I'm looking for the most efficient way of solving an Levenshtein edit distance problem.

We are given as input:

  1. A set of strings S of size n <= 8, with average length m <= 50
  2. A target string t of length l <= 50

Our task is to 'align' t with S i.e:

Find the subset s* of S, where concat(s*) has the minimum Levenshtein edit distance (among all the subsets) with t

Some thoughts:

  1. For 2 strings of length l1 and l2, we could use the standard dynamic programming algorithm which has O(l1*l2) time complexity
  2. Brute forcing this would require us to compute editDistance(t, concat(s')) for each subset s'. This would be approximately O(l.m.n!)
  3. This could be optimized a bit by memoizing the results i.e if we are computing editDistance(t, S[1, 2, 3, 4]) we could re-use the computation from S[1, 2, 3])
  4. The other option I could think of is to construct a Trie or DAWG (Directed Acyclic Word Graph)

But, I'm not an expert on this, so I might be missing a better solution. How would we do this efficiently?

Thanks in advance!

Mathguy
  • 157
  • 11
  • Optimization idea: length difference >= Levenshtein - distance (could be a shortcut in some cases) – MrSmith42 Aug 02 '23 at 08:11
  • `concat(s*)` requires the elements of `s*` to be ordered in some way.
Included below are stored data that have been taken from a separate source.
lemma action_closed: "g \<in> carrier G \<Longrightarrow> c \<in> B \<Longrightarrow> TB g c \<in> B"
  using is_bundle unfolding G_Hilbert_bundle_def by blast

lemma action_one: "c \<in> B \<Longrightarrow> TB \<one>\<^bsub>G\<^esub> c = c"
  using is_bundle unfolding G_Hilbert_bundle_def by blast

lemma action_mult:
  "g \<in> carrier G \<Longrightarrow> h \<in> carrier G \<Longrightarrow> c \<in> B \<Longrightarrow> TB (g \<otimes>\<^bsub>G\<^esub> h) c = TB g (TB h c)"
  using is_bundle unfolding G_Hilbert_bundle_def by blast

lemma lift_unitary:
  "g \<in> carrier G \<Longrightarrow> c \<in> B \<Longrightarrow> unitary_map (fibre n c) (fibre n (TB g c)) (T g c)"
  using is_bundle unfolding G_Hilbert_bundle_def by blast

lemma lift_one: "c \<in> B \<Longrightarrow> v \<in> fibre n c \<Longrightarrow> T \<one>\<^bsub>G\<^esub> c v = v"
  using is_bundle unfolding G_Hilbert_bundle_def by blast

lemma lift_mult:
  "g \<in> carrier G \<Longrightarrow> h \<in> carrier G \<Longrightarrow> c \<in> B \<Longrightarrow> v \<in> fibre n c \<Longrightarrow>
   T (g \<otimes>\<^bsub>G\<^esub> h) c v = T g (TB h c) (T h c v)"
  using is_bundle unfolding G_Hilbert_bundle_def by blast

lemma product_closed: "g \<in> carrier G \<Longrightarrow> h \<in> carrier G \<Longrightarrow> c \<in> B \<Longrightarrow> TB (g \<otimes>\<^bsub>G\<^esub> h) c \<in> B"
  using action_closed action_mult by simp

lemma transport_unitary:
  assumes "c \<in> B" and "c' \<in> B"
  shows "unitary_map (fibre n c) (fibre n c') (\<gamma> c' c)"
proof -
  note conn = is_connection[unfolded G_equivariant_connection_def]
  have "lin_map (fibre n c) (fibre n c') (\<gamma> c' c) \<and> bij_betw (\<gamma> c' c) (fibre n c) (fibre n c')"
    using conn[THEN conjunct1] assms by blast
  moreover have "\<forall>f\<in>fibre n c. \<forall>h\<in>fibre n c. \<gamma> c' c f \<bullet>c \<gamma> c' c h = f \<bullet>c h"
    using conn[THEN conjunct2, THEN conjunct1] assms by blast
  ultimately show ?thesis unfolding unitary_map_def by blast
qed

lemma transport_id: "c \<in> B \<Longrightarrow> f \<in> fibre n c \<Longrightarrow> \<gamma> c c f = f"
  using is_connection unfolding G_equivariant_connection_def by blast

lemma transport_compose:
  "c \<in> B \<Longrightarrow> c' \<in> B \<Longrightarrow> c'' \<in> B \<Longrightarrow> f \<in> fibre n c \<Longrightarrow>
   \<gamma> c'' c' (\<gamma> c' c f) = \<mu> c'' c' c \<cdot>\<^sub>v \<gamma> c'' c f"
  using is_connection unfolding G_equivariant_connection_def by blast

lemma multiplier_nonzero: "c \<in> B \<Longrightarrow> c' \<in> B \<Longrightarrow> c'' \<in> B \<Longrightarrow> \<mu> c'' c' c \<noteq> 0"
  using is_connection unfolding G_equivariant_connection_def by blast

lemma transport_equivariant:
  "g \<in> carrier G \<Longrightarrow> c \<in> B \<Longrightarrow> c' \<in> B \<Longrightarrow> f \<in> fibre n c \<Longrightarrow>
   T g c' (\<gamma> c' c f) = \<gamma> (TB g c') (TB g c) (T g c f)"
  using is_connection unfolding G_equivariant_connection_def by blast

definition fibre_rep :: "'b \<Rightarrow> 'g \<Rightarrow> complex vec \<Rightarrow> complex vec" where
  "fibre_rep b = (\<lambda>g v. \<gamma> b (TB g b) (T g b v))"

text \<open>rho_b(g) is the composite of the unitaries tau_g : E_b \<rightarrow> E_{g.b} and gamma(b, g.b).\<close>
lemma fibre_rep_unitary:
  assumes "b \<in> B" and "g \<in> carrier G"
  shows "unitary_map (fibre n b) (fibre n b) (fibre_rep b g)"
  unfolding fibre_rep_def
  using unitary_map_comp[OF lift_unitary transport_unitary] action_closed assms by blast

lemma fibre_rep_mult:
  assumes b: "b \<in> B" and g: "g \<in> carrier G" and h: "h \<in> carrier G" and v: "v \<in> fibre n b"
  shows "fibre_rep b g (fibre_rep b h v) =
         \<mu> b (TB g b) (TB (g \<otimes>\<^bsub>G\<^esub> h) b) \<cdot>\<^sub>v fibre_rep b (g \<otimes>\<^bsub>G\<^esub> h) v"
proof -
  let ?gh = "g \<otimes>\<^bsub>G\<^esub> h"
  have hb: "TB h b \<in> B" and gb: "TB g b \<in> B" and ghb: "TB ?gh b \<in> B"
    using action_closed product_closed b g h by auto
  have hv: "T h b v \<in> fibre n (TB h b)"
    using unitary_map_in[OF lift_unitary[OF h b] v] .
  have lift_gh: "T ?gh b v = T g (TB h b) (T h b v)" and base_gh: "TB ?gh b = TB g (TB h b)"
    using lift_mult action_mult b g h v by auto
  have ghv: "T ?gh b v \<in> fibre n (TB ?gh b)"
    using unitary_map_in[OF lift_unitary[OF g hb] hv] lift_gh base_gh by simp
  have "fibre_rep b g (fibre_rep b h v) = \<gamma> b (TB g b) (T g b (\<gamma> b (TB h b) (T h b v)))"
    by (simp add: fibre_rep_def)
  also have "\<dots> = \<gamma> b (TB g b) (\<gamma> (TB g b) (TB ?gh b) (T ?gh b v))"
    using transport_equivariant[OF g hb b hv] lift_gh base_gh by simp
  also have "\<dots> = \<mu> b (TB g b) (TB ?gh b) \<cdot>\<^sub>v \<gamma> b (TB ?gh b) (T ?gh b v)"
    using transport_compose[OF ghb gb b ghv] .
  finally show ?thesis by (simp add: fibre_rep_def)
qed

lemma fibre_rep_one:
  assumes "b \<in> B" and "v \<in> fibre n b"
  shows "fibre_rep b \<one>\<^bsub>G\<^esub> v = v"
  using assms by (simp add: fibre_rep_def action_one lift_one transport_id)

lemma fibre_rep_projective:
  assumes b: "b \<in> B"
  shows "proj_unitary_rep G (fibre n b) (fibre_rep b) (\<lambda>g h. \<mu> b (TB g b) (TB (g \<otimes>\<^bsub>G\<^esub> h) b))"
  unfolding proj_unitary_rep_def
  using fibre_rep_unitary fibre_rep_mult multiplier_nonzero action_closed product_closed b
  by simp

lemma fibre_rep_linear_if_flat:
  assumes b: "b \<in> B" and flat: "flat_connection B \<mu>"
  shows "unitary_rep G (fibre n b) (fibre_rep b)"
proof -
  have "fibre_rep b g (fibre_rep b h v) = fibre_rep b (g \<otimes>\<^bsub>G\<^esub> h) v"
    if "g \<in> carrier G" "h \<in> carrier G" "v \<in> fibre n b" for g h v
    using fibre_rep_mult[OF b that] flat action_closed product_closed b that
    unfolding flat_connection_def by simp
  then show ?thesis
    unfolding unitary_rep_def using fibre_rep_unitary fibre_rep_one b by simp
qed

end

theorem mainTheorem1:
  fixes G :: "('g, 'm) monoid_scheme" and B :: "'b set" and n :: "'b \<Rightarrow> nat"
    and TB :: "'g \<Rightarrow> 'b \<Rightarrow> 'b" and T :: "'g \<Rightarrow> 'b \<Rightarrow> complex vec \<Rightarrow> complex vec"
    and \<gamma> :: "'b \<Rightarrow> 'b \<Rightarrow> complex vec \<Rightarrow> complex vec" and \<mu> :: "'b \<Rightarrow> 'b \<Rightarrow> 'b \<Rightarrow> complex"
    and b :: 'b
  assumes "G_Hilbert_bundle G B n TB T"
    and "G_equivariant_connection G B n TB T \<gamma> \<mu>"
    and "b \<in> B"
  shows "(\<forall>g\<in>carrier G. unitary_map (fibre n b) (fibre n b) (\<lambda>v. \<gamma> b (TB g b) (T g b v))) \<and>
         proj_unitary_rep G (fibre n b) (\<lambda>g v. \<gamma> b (TB g b) (T g b v))
           (\<lambda>g h. \<mu> b (TB g b) (TB (g \<otimes>\<^bsub>G\<^esub> h) b)) \<and>
         (flat_connection B \<mu> \<longrightarrow> unitary_rep G (fibre n b) (\<lambda>g v. \<gamma> b (TB g b) (T g b v)))"
proof -
  interpret bundle_with_connection G B n TB T \<gamma> \<mu>
    using assms(1,2) by unfold_locales
  have rho: "fibre_rep b = (\<lambda>g v. \<gamma> b (TB g b) (T g b v))"
    by (simp add: fibre_rep_def)
  show ?thesis
    using fibre_rep_unitary[OF assms(3)] fibre_rep_projective[OF assms(3)]
      fibre_rep_linear_if_flat[OF assms(3)]
    unfolding rho by blast
qed

end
Is there a particular order (i.e., you really mean "sequence" and "subsequence" instead of "set" and "subset"), or is it required to find the best ordering? – Matt Timmermans Aug 02 '23 at 12:06

1 Answers1

0

Outline of a memoize solution. (I just didn't do levenshtein for you.)

def best_answer(S, t, p0=0, p1=None, cache=None):
    # Defaults
    if cache is None:
        cache = {}
    if p1 is None:
        p1 = len(t)
    if ('s', p0, p1) not in cache:
        best_strings = []
        best_error = p1 - p0
        for s in S:
            leven = levenshtein(s, t[p0:p1])
            if leven < best_error:
                best_strings = [s]
                best_error = leven
        for p in range(p0+1, p1):
            (best_strings0, best_error0) = best_answer(S, t, p0, p, cache)
            (best_strings1, best_error1) = best_answer(S, t, p, p1, cache)
            if best_error0 + best_error1 < best_error:
                best_strings = best_strings0 + best_strings1
                best_error = best_error0 + best_error1
        cache[(p0, p1)] = (best_strings, best_error)
    return cache[('s', p0, p1)]
btilly
  • 43,296
  • 3
  • 59
  • 88